Figure 6.. DPOAEs are present at high stimulus levels in some impaired mice and are modestly correlated with tonic displacement magnitudes.

(a) DPOAE amplitudes in WT, salsa, and Triobp mice for 85 dB SPL stimuli plotted as a function of the f₂ stimulus frequency (f₂/f₁ = 1.22). Data for all individual mice are overlaid and dotted portions of the curves indicate data not meeting the signal-to-noise criterion. (b) Absolute tonic OHC-DC displacement magnitudes plotted vs. DPOAE amplitudes for all salsa and Triobp mice. For each mouse, DPOAE amplitudes were averaged across f₂ frequencies falling within ± 1 kHz of the frequency that elicited maximum BM displacement. Spearman’s rank correlations (ρ) and R² values are provided, with significant correlations indicated by asterisks (* p < 0.05, ** p < 0.005, *** p < 0.0005). Dashed lines are linear fits. The physiological origin of the measured DPOAEs was confirmed by postmortem comparisons, as shown in Supplementary Fig. S7.

Figure 7.. Changes in the mechanotransducer function can account for the presence of tonic responses in the absence of significant nonlinear amplification.

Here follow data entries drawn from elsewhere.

(* In every run of the algorithm described in the context in which at most $t$ processes crash, if the writer $p_w$ does not crash during an invocation of $\mathsf{write}()$, then this invocation terminates.
   Context: Model. There are $n$ asynchronous processes $p_1,\dots,p_n$, of which up to $t<n/2$ may crash; a process runs its algorithm correctly until it crashes, and a process that never crashes is correct. Each ordered pair of processes is linked by a reliable (no loss, corruption, duplication or creation; every message sent to a correct process is eventually received), asynchronous, not necessarily FIFO channel. $p_w$ is the single writer, invoking writes sequentially; $v_0$ is the initial value. Messages: $\textsc{write}(b,v)$ with $b\in\{0,1\}$, which stands for the two types $\textsc{write0}(v)$ and $\textsc{write1}(v)$; $\textsc{read}()$; $\textsc{proceed}()$. Variables of $p_i$. These are: $history_i$ with $history_i[0]=v_0$; $w\_sync_i[1..n]$, initially all $0$; $r\_sync_i[1..n]$, initially all $0$. $\mathsf{write}(v)$ by $p_w$: $wsn\gets w\_sync_w[w]+1$; $w\_sync_w[w]\gets wsn$; $history_w[wsn]\gets v$. Send $\textsc{write}(wsn\bmod 2,v)$ to each $p_j$ with $w\_sync_w[j]=wsn-1$. Wait until at least $n-t$ indices $j$ have $w\_sync_w[j]=wsn$. Return. $\mathsf{read}()$ by $p_i$: $r\_sync_i[i]\gets r\_sync_i[i]+1$ and call the new value $rsn$. Send $\textsc{read}()$ to all $p_j$ with $j\ne i$. Wait until at least $n-t$ indices $j$ have $r\_sync_i[j]=rsn$. Let $sn\gets w\_sync_i[i]$. Wait until at least $n-t$ indices $j$ have $w\_sync_i[j]\ge sn$. Return $history_i[sn]$. On receipt of $\textsc{write}(b,v)$ from $p_j$ at $p_i$: Wait until $b=(w\_sync_i[j]+1)\bmod 2$. Let $wsn\gets w\_sync_i[j]+1$. If $wsn=w\_sync_i[i]+1$, then set $w\_sync_i[i]\gets wsn$ and $history_i[wsn]\gets v$, and send $\textsc{write}(wsn\bmod 2,v)$ to each $p_\ell$ with $w\_sync_i[\ell]=wsn-1$. Else, if $wsn<w\_sync_i[i]$, send $\textsc{write}((wsn+1)\bmod 2,history_i[wsn+1])$ to $p_j$. Finally set $w\_sync_i[j]\gets wsn$. On receipt of $\textsc{read}()$ from $p_j$ at $p_i$: Let $sn\gets w\_sync_i[i]$; wait until $w\_sync_i[j]\ge sn$; send $\textsc{proceed}()$ to $p_j$. On receipt of $\textsc{proceed}()$ from $p_j$ at $p_i$: $r\_sync_i[j]\gets r\_sync_i[j]+1$. Message handlers run concurrently; a waiting handler does not block the reception of other messages. *)

theory Defs
  imports Main "HOL-Library.Multiset"
begin

text \<open>Processes are indexed by 1..n (only those indices
are meaningful).  Waiting statements are modelled as guarded atomic steps.\<close>

datatype 'v msg = WriteM nat 'v | ReadM | ProceedM
  (* WriteM b v with b in {0,1} stands for write0(v) / write1(v) *)

datatype 'v handler =
    HWrite nat nat 'v   (* pending handler of write(b,v) received from p_j: HWrite j b v *)
  | HRead nat nat       (* pending handler of read() received from p_j, with sn read at receipt *)

datatype opstate =
    NoOp
  | WOp nat       (* write pending, waiting for acks of wsn *)
  | ROp1 nat      (* read pending, first wait, with rsn *)
  | ROp2 nat      (* read pending, second wait, with sn *)

record 'v lstate =
  hist   :: "nat \<Rightarrow> 'v"
  wsync  :: "nat \<Rightarrow> nat"
  rsync  :: "nat \<Rightarrow> nat"
  pend   :: "'v handler multiset"
  op     :: opstate
  crashed :: bool

record 'v gstate =
  procs :: "nat \<Rightarrow> 'v lstate"
  chan  :: "(nat \<times> nat \<times> 'v msg) multiset"   (* in-transit messages (source, destination, message) *)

(a) Boltzmann functions used to represent the relationship between OHC stereociliary bundle displacement and mechanotransduction current in WT, salsa, and Triobp mice. Waveforms are shown for a 5 kHz, 30 nm input and the corresponding outputs for each strain. Tonic components in the output waveforms are shown with gray curves. For all mice, the Boltzmann slope parameter a was 0.17 nm⁻¹. In WT, salsa, and Triobp mice, respectively, the maximum current ($I_{\mathrm{m}\mathrm{a}\mathrm{x}}$) was 1, 0.16, and 0.4 and the operating point (x₀) was 3.8, 18, and 19 nm. Active OHC region displacements were approximated by low-pass filtering the Boltzmann output and scaling by a factor of 125. To model the total OHC region displacement, the active response waveforms were summed with an estimate of the passive displacement, which was taken as the underlying BM displacement (i.e., the Boltzmann’s input) scaled by a factor of 0.56. (b) Average phasic and tonic displacements of the OHC-DC junction for 5 kHz tones varied in level (symbols) compared with modeled displacements (lines) in WT, salsa, and Triobp mice. Averages only include data meeting the signal-to-noise criterion from mice with tonic responses greater than 1.5 nm at 90 dB SPL and with BM displacements obtained in 5 dB steps over the same range of stimulus levels. Averages are shown when such clean data were obtained in at least 60% of mice. Responses from all individual mice, including those not meeting the above criteria, are shown in Supplementary Fig. S8. Dashed lines indicate linear growth.